-- TASK ITEM --
Every line from the one with "by (simp add: mult_transpose_mult_eq_0_iff)" to the one with "(simp add: mult_mult_eq_0_iff)", including those two, is to be copied exactly; all other lines of the entries below are left out.

(Recorded data)
theorem mainTheorem5:
  shows
  "(\<forall>(A::real^'n^'m) (b::real^'m) (w0::real^'m) (k::nat).
     let H = A ** transpose A;
         x0 = transpose A *v w0;
         r0 = b - A *v x0;
         r = resid H r0;
         x = iter_x H (\<lambda>v. transpose A *v v) x0 r0
     in (k \<ge> 1 \<and> (\<forall>j<k. H *v r j \<noteq> 0)) \<longrightarrow>
        (r k = b - A *v x k)
      \<and> ((\<exists>z. A *v z = b) \<longrightarrow>
            norm (r k) \<le> ((kappa_plus H - 1) / (kappa_plus H + 1)) ^ k * norm r0)
      \<and> (\<forall>\<epsilon>. (\<exists>z. A *v z = b) \<and> 0 < \<epsilon> \<and> \<epsilon> < 1 \<and>
               real k \<ge> kappa_plus H * ln (norm r0 / \<epsilon>) \<longrightarrow> norm (r k) \<le> \<epsilon>)
      \<and> (norm (r k))\<^sup>2 \<le> (norm r0)\<^sup>2 - c_H H * (\<Sum>j<k. r j \<bullet> (H *v r j))
      \<and> (\<forall>\<epsilon>. 0 < \<epsilon> \<and> \<epsilon> < 1 \<and> (\<forall>j<k. r j \<bullet> (H *v r j) > \<epsilon>) \<longrightarrow>
               real k \<le> kappa_plus H * lambda_max H * (norm r0)\<^sup>2 / \<epsilon>)
      \<and> (\<forall>\<epsilon>. norm (r k) \<le> \<epsilon> \<longrightarrow> norm (A *v x k - b) \<le> \<epsilon>)
      \<and> (\<forall>\<epsilon>. r k \<bullet> (H *v r k) \<le> \<epsilon> \<longrightarrow>
               norm ((transpose A ** A) *v x k - transpose A *v b) \<le> sqrt \<epsilon>))
   \<and>
   (\<forall>(A::real^'m^'m) (b::real^'m) (w0::real^'m) (k::nat).
     let H = A;
         x0 = transpose A *v w0;
         r0 = b - A *v x0;
         r = resid H r0;
         x = iter_x H (\<lambda>v. v) x0 r0
     in (sym_psd A \<and> k \<ge> 1 \<and> (\<forall>j<k. H *v r j \<noteq> 0)) \<longrightarrow>
        (r k = b - A *v x k)
      \<and> ((\<exists>z. A *v z = b) \<longrightarrow>
            norm (r k) \<le> ((kappa_plus H - 1) / (kappa_plus H + 1)) ^ k * norm r0)
      \<and> (\<forall>\<epsilon>. (\<exists>z. A *v z = b) \<and> 0 < \<epsilon> \<and> \<epsilon> < 1 \<and>
               real k \<ge> kappa_plus H * ln (norm r0 / \<epsilon>) \<longrightarrow> norm (r k) \<le> \<epsilon>)
      \<and> (norm (r k))\<^sup>2 \<le> (norm r0)\<^sup>2 - c_H H * (\<Sum>j<k. r j \<bullet> (H *v r j))
      \<and> (\<forall>\<epsilon>. 0 < \<epsilon> \<and> \<epsilon> < 1 \<and> (\<forall>j<k. r j \<bullet> (H *v r j) > \<epsilon>) \<longrightarrow>
               real k \<le> kappa_plus H * lambda_max H * (norm r0)\<^sup>2 / \<epsilon>)
      \<and> (\<forall>\<epsilon>. norm (r k) \<le> \<epsilon> \<longrightarrow> norm (A *v x k - b) \<le> \<epsilon>)
      \<and> (\<forall>\<epsilon>. r k \<bullet> (H *v r k) \<le> \<epsilon> \<longrightarrow>
               norm ((transpose A ** A) *v x k - transpose A *v b)
                 \<le> sqrt \<epsilon> * sqrt (onorm (\<lambda>v. A *v v))))"
proof (intro conjI allI, goal_cases)
  case (1 A b w0 k)
  let ?H = "A ** transpose A" and ?start = "transpose A *v w0"
  interpret psd_matrix ?H by unfold_locales (rule sym_psd_mult_transpose)
  have AD: "A *v (transpose A *v v) = ?H *v v" for v
    by (simp add: matrix_vector_mul_assoc del: transpose_matrix_vector)
  have inv: "?H *v (A *v y) \<in> range ((*v) A)" for y
    by (metis matrix_vector_mul_assoc rangeI)
  have inj: "\<forall>y. ?H *v (A *v y) = 0 \<longrightarrow> A *v y = 0"
    by (simp add: mult_transpose_mult_eq_0_iff)
  show ?case
  proof (unfold Let_def, intro impI, goal_cases)
    case 1
    then have "?H *v (b - A *v ?start) \<noteq> 0" by fastforce
    note G = steepest_descent_guarantees[OF AD inv inj refl this, where k = k]
    show ?case using G norm_normal_residual_mult_transpose_le[OF G(1)] by blast
  qed
next
  case (2 A b w0 k)
  show ?case
  proof (unfold Let_def, intro impI, goal_cases)
    case 1
    then interpret psd_matrix A by unfold_locales blast
    have inj: "\<forall>y. A *v (A *v y) = 0 \<longrightarrow> A *v y = 0" by (simp add: mult_mult_eq_0_iff)
    from 1 have "A *v (b - A *v (transpose A *v w0)) \<noteq> 0" by fastforce
    note G = steepest_descent_guarantees[where D = "\<lambda>v. v", OF refl rangeI inj refl this, where k = k]
    show ?case using G norm_normal_residual_le[OF G(1)] by blast
  qed
qed

end
locale measurable_policy = hmm_policy T M g
  for T :: "'x::finite \<Rightarrow> 'x \<Rightarrow> real" and M :: "'o::finite \<Rightarrow> 'x \<Rightarrow> 'v::finite \<Rightarrow> real"
    and g :: "real^'x \<Rightarrow> 'o" +
  assumes g_measurable: "g \<in> measurable PSM (count_space UNIV)"
begin

lemma filter_step_policy_measurable: "(\<lambda>z. filter_step (g z) y z) \<in> measurable PSM PSM"
  by (rule measurable_compose_countable'[where f="\<lambda>i z. filter_step i y z",
        OF filter_step_measurable g_measurable]) simp

lemma alpha_policy_measurable: "(\<lambda>z. alpha T M (g z) y z) \<in> borel_measurable PSM"
  by (rule measurable_compose_countable'[where f="\<lambda>i z. alpha T M i y z",
        OF alpha_measurable g_measurable]) simp

lemma trans_op_measurable:
  assumes "h \<in> borel_measurable PSM" shows "trans_op h \<in> borel_measurable PSM"
proof -
  have "(\<lambda>z. \<Sum>y\<in>UNIV. alpha T M (g z) y z * h (filter_step (g z) y z)) \<in> borel_measurable PSM"
    using measurable_compose[OF filter_step_policy_measurable assms]
    by (intro borel_measurable_sum borel_measurable_times alpha_policy_measurable) (simp add: comp_def)
  then show ?thesis
    by (rule measurable_cong[THEN iffD1, rotated]) (simp add: trans_op_eq_sum_filter_step)
qed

-- SOLUTION BELOW --
    by (simp add: mult_transpose_mult_eq_0_iff)
  show ?case
  proof (unfold Let_def, intro impI, goal_cases)
    case 1
    then have "?H *v (b - A *v ?start) \<noteq> 0" by fastforce
    note G = steepest_descent_guarantees[OF AD inv inj refl this, where k = k]
    show ?case using G norm_normal_residual_mult_transpose_le[OF G(1)] by blast
  qed
next
  case (2 A b w0 k)
  show ?case
  proof (unfold Let_def, intro impI, goal_cases)
    case 1
    then interpret psd_matrix A by unfold_locales blast
    have inj: "\<forall>y. A *v (A *v y) = 0 \<longrightarrow> A *v y = 0" by (simp add: mult_mult_eq_0_iff)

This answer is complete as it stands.